Caliban's war is the sequel to “Mr. Corey's” (it’s a pen name for two authors) rather amazing Leviathan Wakes. Caliban's War was published in 2012 by orbit publishing. I should note: I am about to spoil the hell out of Leviathan Wakes so stop here if you haven't read it yet. In Leviathan Wakes, Mr. Corey took us to the sort-of-distant future where humanity has colonized the Moon and Mars and is expanding into the outer planets and the asteroid belt. While the Earth is politically and economically unified, Mars has become a rival state and the outer planets/belt have evolved into a radically different culture with it's own language, customs, and mores from Earth or Mars. With the evolution of that separate culture has come resentment of the more powerful inner planets as the people of the outer system view them as foreign imperialists.

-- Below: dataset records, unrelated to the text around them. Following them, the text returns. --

(* Let $\mathcal{H}$ be a finite-dimensional Hilbert space and let $|\psi_\pm\rangle,|\varphi_\pm\rangle\in\mathcal{H}$ be unit vectors with $t:=|\langle\varphi_+|\varphi_-\rangle|\le s:=|\langle\psi_+|\psi_-\rangle|$. For a quantum operation $\mathcal{E}$ on $\mathcal{H}$ (completely positive, trace-non-increasing) with $p_\pm:=\mathrm{Tr}\,\mathcal{E}(|\psi_\pm\rangle\langle\psi_\pm|)>0$, set $\rho_\pm=\mathcal{E}(|\psi_\pm\rangle\langle\psi_\pm|)/p_\pm$ and define $p(\mathcal{E})=\min\{p_+,p_-\}$ and $F(\mathcal{E})=\min\{F(|\varphi_+\rangle\langle\varphi_+|,\rho_+),F(|\varphi_-\rangle\langle\varphi_-|,\rho_-)\}$, where $F(|\varphi\rangle\langle\varphi|,\rho)=\sqrt{\langle\varphi|\rho|\varphi\rangle}$. Let $p_0=(1-s)/(1-t)$. Then for every $p\in[p_0,1]$ with $p>0$, the maximum of $F(\mathcal{E})$ over all quantum operations $\mathcal{E}$ with $p(\mathcal{E})\ge p$ equals $$F(p)=\cos\left[\frac{\arccos t-\arccos\left(1-\frac{1-s}{p}\right)}{2}\right].$$
   Context: This describes the optimal (upper) frontier of the set of achievable pairs (minimum success probability, minimum fidelity) for approximately transforming the pair $|\psi_\pm\rangle$ into the target pair $|\varphi_\pm\rangle$; the frontier runs from $(1,f_0)$ to $(p_0,1)$ with $f_0=\cos[(\arccos t-\arccos s)/2]$. Unitary operations are allowed as (part of) quantum operations. *)

theory Defs
  imports "HOL-Analysis.Analysis"
begin

definition cinner :: "complex^'n \<Rightarrow> complex^'n \<Rightarrow> complex" where
  "cinner v w = (\<Sum>i\<in>UNIV. cnj (v $ i) * w $ i)"
lemma chu_term_power:
  fixes q :: "'a::field"
  assumes hp: "\<forall>i>0. (q ^ 2) ^ i \<noteq> 1" and "r \<le> L"
  shows "chu_term (q ^ 2) ((q ^ 2) ^ L) q r
       = q ^ (2 * r ^ 2 - r) * (qfact (q ^ 2) L / qfact (q ^ 2) (L - r)) / (\<Prod>i<r. 1 - q * (q ^ 2) ^ i)"
proof -
  define p where "p = q ^ 2"
  have "chu_term p (p ^ L) q r = (\<Prod>i<r. (p ^ i * p ^ i * q) * (1 - p ^ (L - i)) / (1 - q * p ^ i))"
    unfolding chu_term_def
  proof (rule prod.cong)
    fix i assume "i \<in> {..<r}"
    with \<open>r \<le> L\<close> have "p ^ L = p ^ i * p ^ (L - i)" by (simp add: power_add[symmetric])
    then show "p ^ i * q * (p ^ i - p ^ L) / (1 - q * p ^ i) = (p ^ i * p ^ i * q) * (1 - p ^ (L - i)) / (1 - q * p ^ i)"
      by (simp add: algebra_simps)
  qed simp
  also have "\<dots> = (\<Prod>i<r. p ^ i * p ^ i * q) * (\<Prod>i<r. 1 - p ^ (L - i)) / (\<Prod>i<r. 1 - q * p ^ i)"
    by (simp add: prod_dividef prod.distrib)
  finally show ?thesis
    unfolding p_def prod_power_odd prod_one_minus_power_diff[OF hp \<open>r \<le> L\<close>] .
qed
theorem lemma2p3:
  fixes X :: "'a::polish_space set"
  assumes "uncountable X"
    and "zero_dimensional (top_of_set X)"
    and "X \<in> sets borel"
  shows "split_num_le cantor_space (top_of_set X) \<and> split_num_le (top_of_set X) cantor_space"
proof
  obtain h :: "(nat \<Rightarrow> bool) \<Rightarrow> 'a"
    where "inj h" "range h \<subseteq> X" "continuous_map cantor_space euclidean h"
    by (rule analytic_uncountable_contains_cantor_space[OF analytic_borel[OF assms(3)] assms(1)])
  then show "split_num_le cantor_space (top_of_set X)"
    by (intro split_num_le_continuous_injection)
      (simp_all add: continuous_map_in_subtopology image_subset_iff_funcset)
next
  obtain e where "continuous_map (top_of_set X) cantor_space e" "inj_on e X"
    using zero_dimensional_embeds_in_cantor_space[OF assms(2)] .
  then show "split_num_le (top_of_set X) cantor_space"
    by (intro split_num_le_continuous_injection) simp_all
qed

end
(* Let \(X\) be a nonempty set, let \(\Phi\) be a mapping with domain \(X^{2}\), and let \(a_0 \in \Phi(X^{2})\). Then \(\Phi\) is \(a_0\)-coherent if and only if the fiber \(R := \Phi^{-1}(a_0)\) is an equivalence relation on \(X\) and the partition \(P_R \otimes P_R^1\) of \(X^{2}\) is a refinement of the partition \(P_{\Phi^{-1}} := \{\Phi^{-1}(b) \colon b \in \Phi(X^{2})\}\) of \(X^2\).
   Context: \(\Phi(X^2)\) is the range of \(\Phi\) and \(\Phi^{-1}(b)=\{\langle x,y\rangle\in X^2:\Phi(x,y)=b\}\). \(\Phi\) is strongly consistent with an equivalence relation \(R\) on \(X\) if \(\langle x_1,x_2\rangle\in R\) and \(\langle x_3,x_4\rangle\in R\) imply \(\Phi(x_1,x_3)=\Phi(x_2,x_4)\); \(\Phi\) is \(a_0\)-coherent if \(\Phi^{-1}(a_0)\) is an equivalence relation on \(X\) and \(\Phi\) is strongly consistent with it. For an equivalence relation \(R\) on \(X\), \(P_R=\{X_j: j\in J\}\) is the partition of \(X\) into the (distinct) equivalence classes of \(R\), and \(P_R\otimes P_R^1\) is the partition of \(X^2\) whose blocks are the set \(\bigcup_{j\in J}X_j^2\) together with all sets \(X_{j_1}\times X_{j_2}\) for distinct \(j_1,j_2\in J\). A partition \(P_1\) of a set is a refinement of a partition \(P_2\) of the same set if every block of \(P_1\) is contained in some block of \(P_2\). *)

theory Defs
  imports Main
begin

text \<open>A mapping with domain X^2 is modelled as Phi :: 'a * 'a => 'b; only its values on X \<times> X matter.\<close>

definition fiber :: "'a set \<Rightarrow> ('a \<times> 'a \<Rightarrow> 'b) \<Rightarrow> 'b \<Rightarrow> ('a \<times> 'a) set" where
  "fiber X Phi b = {p \<in> X \<times> X. Phi p = b}"

definition strongly_consistent :: "'a set \<Rightarrow> ('a \<times> 'a \<Rightarrow> 'b) \<Rightarrow> ('a \<times> 'a) set \<Rightarrow> bool" where
  "strongly_consistent X Phi R \<longleftrightarrow>
     (\<forall>x1 x2 x3 x4. (x1, x2) \<in> R \<longrightarrow> (x3, x4) \<in> R \<longrightarrow> Phi (x1, x3) = Phi (x2, x4))"

definition coherent :: "'a set \<Rightarrow> ('a \<times> 'a \<Rightarrow> 'b) \<Rightarrow> 'b \<Rightarrow> bool" where
  "coherent X Phi a0 \<longleftrightarrow> equiv X (fiber X Phi a0) \<and> strongly_consistent X Phi (fiber X Phi a0)"

text \<open>The partition P_R (x) P_R^1 of X^2: the union of all squares of classes, together with
  all products of two distinct classes.\<close>
definition prod_partition :: "'a set \<Rightarrow> ('a \<times> 'a) set \<Rightarrow> ('a \<times> 'a) set set" where
  "prod_partition X R =
     {\<Union>C\<in>X // R. C \<times> C} \<union> {C1 \<times> C2 | C1 C2. C1 \<in> X // R \<and> C2 \<in> X // R \<and> C1 \<noteq> C2}"

definition fiber_partition :: "'a set \<Rightarrow> ('a \<times> 'a \<Rightarrow> 'b) \<Rightarrow> ('a \<times> 'a) set set" where
  "fiber_partition X Phi = {fiber X Phi b | b. b \<in> Phi ` (X \<times> X)}"

definition refines :: "'c set set \<Rightarrow> 'c set set \<Rightarrow> bool" where
  "refines P1 P2 \<longleftrightarrow> (\<forall>B\<in>P1. \<exists>C\<in>P2. B \<subseteq> C)"

end

theory Submission
  imports Defs
begin

text \<open>For an equivalence R on X, strong consistency of Phi with R says exactly that Phi is
  constant on every product C1 \<times> C2 of two R-classes. The squares C \<times> C lie in R itself, so
  when R is the fiber of a0 they are covered by the block fiber X Phi a0 automatically, and what
  remains is the refinement condition for the products of distinct classes.\<close>

lemma equiv_Union_class_squares:
  assumes "equiv X R"
  shows "(\<Union>C\<in>X//R. C \<times> C) = R"
proof
  show "(\<Union>C\<in>X//R. C \<times> C) \<subseteq> R"
    using in_quotient_imp_in_rel [OF assms] by blast
  show "R \<subseteq> (\<Union>C\<in>X//R. C \<times> C)"
  proof
    fix p assume "p \<in> R"
    then obtain x y where p: "p = (x, y)" "(x, y) \<in> R" by (cases p) auto
    then have "x \<in> X" using equiv_type [OF assms] by auto
    have "R``{x} \<in> X//R" using \<open>x \<in> X\<close> by (rule quotientI)
    moreover have "x \<in> R``{x}" using assms \<open>x \<in> X\<close> by (rule equiv_class_self)
    then have "p \<in> R``{x} \<times> R``{x}" using p by simp
    ultimately show "p \<in> (\<Union>C\<in>X//R. C \<times> C)" by (rule UN_I)
  qed
qed

lemma strongly_consistent_iff_class_products:
  assumes "equiv X R"
  shows "strongly_consistent X Phi R \<longleftrightarrow>
           (\<forall>C1\<in>X//R. \<forall>C2\<in>X//R. \<exists>F\<in>fiber_partition X Phi. C1 \<times> C2 \<subseteq> F)"
proof
  assume sc: "strongly_consistent X Phi R"
  show "\<forall>C1\<in>X//R. \<forall>C2\<in>X//R. \<exists>F\<in>fiber_partition X Phi. C1 \<times> C2 \<subseteq> F"
  proof (intro ballI)
    fix C1 C2 assume "C1 \<in> X//R" "C2 \<in> X//R"
    then obtain x1 x2 where x: "x1 \<in> X" "x2 \<in> X" "C1 = R``{x1}" "C2 = R``{x2}"
      by (auto elim!: quotientE)
    have "C1 \<times> C2 \<subseteq> fiber X Phi (Phi (x1, x2))"
      using sc equiv_type [OF assms] x
      by (auto simp: strongly_consistent_def fiber_def)
    moreover have "fiber X Phi (Phi (x1, x2)) \<in> fiber_partition X Phi"
      using x by (auto simp: fiber_partition_def)
    ultimately show "\<exists>F\<in>fiber_partition X Phi. C1 \<times> C2 \<subseteq> F" by blast
  qed
next
  assume products: "\<forall>C1\<in>X//R. \<forall>C2\<in>X//R. \<exists>F\<in>fiber_partition X Phi. C1 \<times> C2 \<subseteq> F"
  show "strongly_consistent X Phi R"
    unfolding strongly_consistent_def
  proof (intro allI impI)
    fix x1 x2 x3 x4 assume R12: "(x1, x2) \<in> R" and R34: "(x3, x4) \<in> R"
    then have "x1 \<in> X" "x3 \<in> X" using equiv_type [OF assms] by auto
    then obtain F where F: "F \<in> fiber_partition X Phi" "R``{x1} \<times> R``{x3} \<subseteq> F"
      using products by (meson quotientI)
    then obtain b where "F = fiber X Phi b" by (auto simp: fiber_partition_def)
    moreover have "x1 \<in> R``{x1}" "x3 \<in> R``{x3}"
      using \<open>x1 \<in> X\<close> \<open>x3 \<in> X\<close> equiv_class_self [OF assms] by auto
    then have "(x1, x3) \<in> F" "(x2, x4) \<in> F"
      using F(2) R12 R34 by auto
    ultimately show "Phi (x1, x3) = Phi (x2, x4)" by (simp add: fiber_def)
  qed
qed

lemma refines_prod_partition_iff:
  assumes "equiv X R" and "F0 \<in> P" and "R \<subseteq> F0"
  shows "refines (prod_partition X R) P \<longleftrightarrow>
           (\<forall>C1\<in>X//R. \<forall>C2\<in>X//R. \<exists>F\<in>P. C1 \<times> C2 \<subseteq> F)"
proof
  assume refines: "refines (prod_partition X R) P"
  show "\<forall>C1\<in>X//R. \<forall>C2\<in>X//R. \<exists>F\<in>P. C1 \<times> C2 \<subseteq> F"
  proof (intro ballI)
    fix C1 C2 assume C: "C1 \<in> X//R" "C2 \<in> X//R"
    have "\<exists>B\<in>prod_partition X R. C1 \<times> C2 \<subseteq> B"
    proof (cases "C1 = C2")
      case True
      with C have "C1 \<times> C2 \<subseteq> (\<Union>C\<in>X//R. C \<times> C)" by blast
      moreover have "(\<Union>C\<in>X//R. C \<times> C) \<in> prod_partition X R"
        by (simp add: prod_partition_def)
      ultimately show ?thesis by blast
    next
      case False
      with C have "C1 \<times> C2 \<in> prod_partition X R"
        unfolding prod_partition_def by blast
      then show ?thesis by blast
    qed
    with refines show "\<exists>F\<in>P. C1 \<times> C2 \<subseteq> F"
      unfolding refines_def by (meson order_trans)
  qed
next
  assume products: "\<forall>C1\<in>X//R. \<forall>C2\<in>X//R. \<exists>F\<in>P. C1 \<times> C2 \<subseteq> F"
  show "refines (prod_partition X R) P"
    unfolding refines_def
  proof
    fix B assume "B \<in> prod_partition X R"
    then consider "B = (\<Union>C\<in>X//R. C \<times> C)"
      | C1 C2 where "B = C1 \<times> C2" "C1 \<in> X//R" "C2 \<in> X//R"
      unfolding prod_partition_def by blast
    then show "\<exists>F\<in>P. B \<subseteq> F"
    proof cases
      case 1
      then show ?thesis
        using assms equiv_Union_class_squares [OF assms(1)] by blast
    next
      case 2
      then show ?thesis using products by blast
    qed
  qed
qed

theorem theorem2p10:
  fixes X :: "'a set" and Phi :: "'a \<times> 'a \<Rightarrow> 'b" and a0 :: 'b
  assumes "X \<noteq> {}"
    and "a0 \<in> Phi ` (X \<times> X)"
  shows "coherent X Phi a0 \<longleftrightarrow>
           (equiv X (fiber X Phi a0) \<and>
            refines (prod_partition X (fiber X Phi a0)) (fiber_partition X Phi))"
proof -
  have fiber_a0: "fiber X Phi a0 \<in> fiber_partition X Phi"
    using assms(2) by (auto simp: fiber_partition_def)
  have "strongly_consistent X Phi (fiber X Phi a0) \<longleftrightarrow>
          refines (prod_partition X (fiber X Phi a0)) (fiber_partition X Phi)"
    if "equiv X (fiber X Phi a0)"
    using strongly_consistent_iff_class_products [OF that]
      refines_prod_partition_iff [OF that fiber_a0 subset_refl]
    by simp
  then show ?thesis
    unfolding coherent_def by blast
qed

end
(* Let $\mathbb J=\mathbb N\times(\mathbb N\cup\{\infty\})$ ordered by $(j,k)\le(m,n)$ iff either ($j=m$ and $k\le n$) or ($n=\infty$ and $k\le m$), and let $X=(\mathbb J,\sigma(\mathbb J))$ carry the Scott topology. Then $X$ is a $d$-space, $Q(X)=Q_s(X)$, and $X$ is neither well-filtered nor $s$-well-filtered. In particular, a $d$-space need not be $s$-well-filtered.
   Context: A subset $U$ of a poset is Scott open if it is an upper set and for every directed $D$ with existing supremum, $\bigvee D\in U$ implies $D\cap U\neq\emptyset$. A $T_0$ space is a $d$-space if it is a dcpo in its specialization order and every open set is Scott open. $Q(X)$: nonempty compact saturated sets; $Q_s(X)$: nonempty strongly compact saturated sets, where $A$ is strongly compact if for every open $U\supseteq A$ there is finite $F$ with $A\subseteq\uparrow F\subseteq U$. A family is filtered if nonempty and any two members contain a third. $X$ is well-filtered (resp. $s$-well-filtered) if for every open $U$ and filtered $\mathcal K\subseteq Q(X)$ (resp. $\subseteq Q_s(X)$), $\bigcap\mathcal K\subseteq U$ implies $K\subseteq U$ for some $K\in\mathcal K$. *)

theory Defs
  imports "HOL-Analysis.Analysis" "HOL-Library.Extended_Nat"
begin

definition directed_in :: "'a set \<Rightarrow> ('a \<Rightarrow> 'a \<Rightarrow> bool) \<Rightarrow> 'a set \<Rightarrow> bool" where
  "directed_in P le D \<longleftrightarrow> D \<subseteq> P \<and> D \<noteq> {} \<and> (\<forall>x\<in>D. \<forall>y\<in>D. \<exists>z\<in>D. le x z \<and> le y z)"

This was all brought to a head when a cabal of corporate scientists began experimenting on an alien piece of biological technology known as the protomolecule. As an experiment they release it on a large and very densely populated outer system habitat. The protomolecule kills everyone and uses their biological mass to rewire the habitat and turn it into a spaceship on a ramming course toward Earth. The cover up leads Mars and Earth into the brink of a shooting war and it's only by heroic action that the protomolecule is diverted into Venus and war averted. Now the protomolecule is reworking Venus and what does the divided solar system do?  Start prepping for another war against each other of course!

Both Earth and Mars move to divide up the solar system between themselves while the Outer System resists both of them, tensions are simmering high and everything just needs a match. On Ganymede, which is the breadbasket of the outer system and the safest place to bear and give birth to children, that match gets struck. When Gunnery Sgt Roberta Draper's platoon of Martian Marines finds itself confronted by a monster of nightmare that just wiped out a UN Marine platoon and proceeds to tear them apart, their attempts to kill the damn thing kick off a mass fleet conflict that shatters Ganymede. Gunnery Sgt Draper, aka Bobbi, finds herself the sole survivor of a confrontation of what seems to be a weapon of war made from the alien protomolecule. However neither her government or the government of Earth seemed as interested in that fact, as they are interested in getting ready to blow each other to pieces.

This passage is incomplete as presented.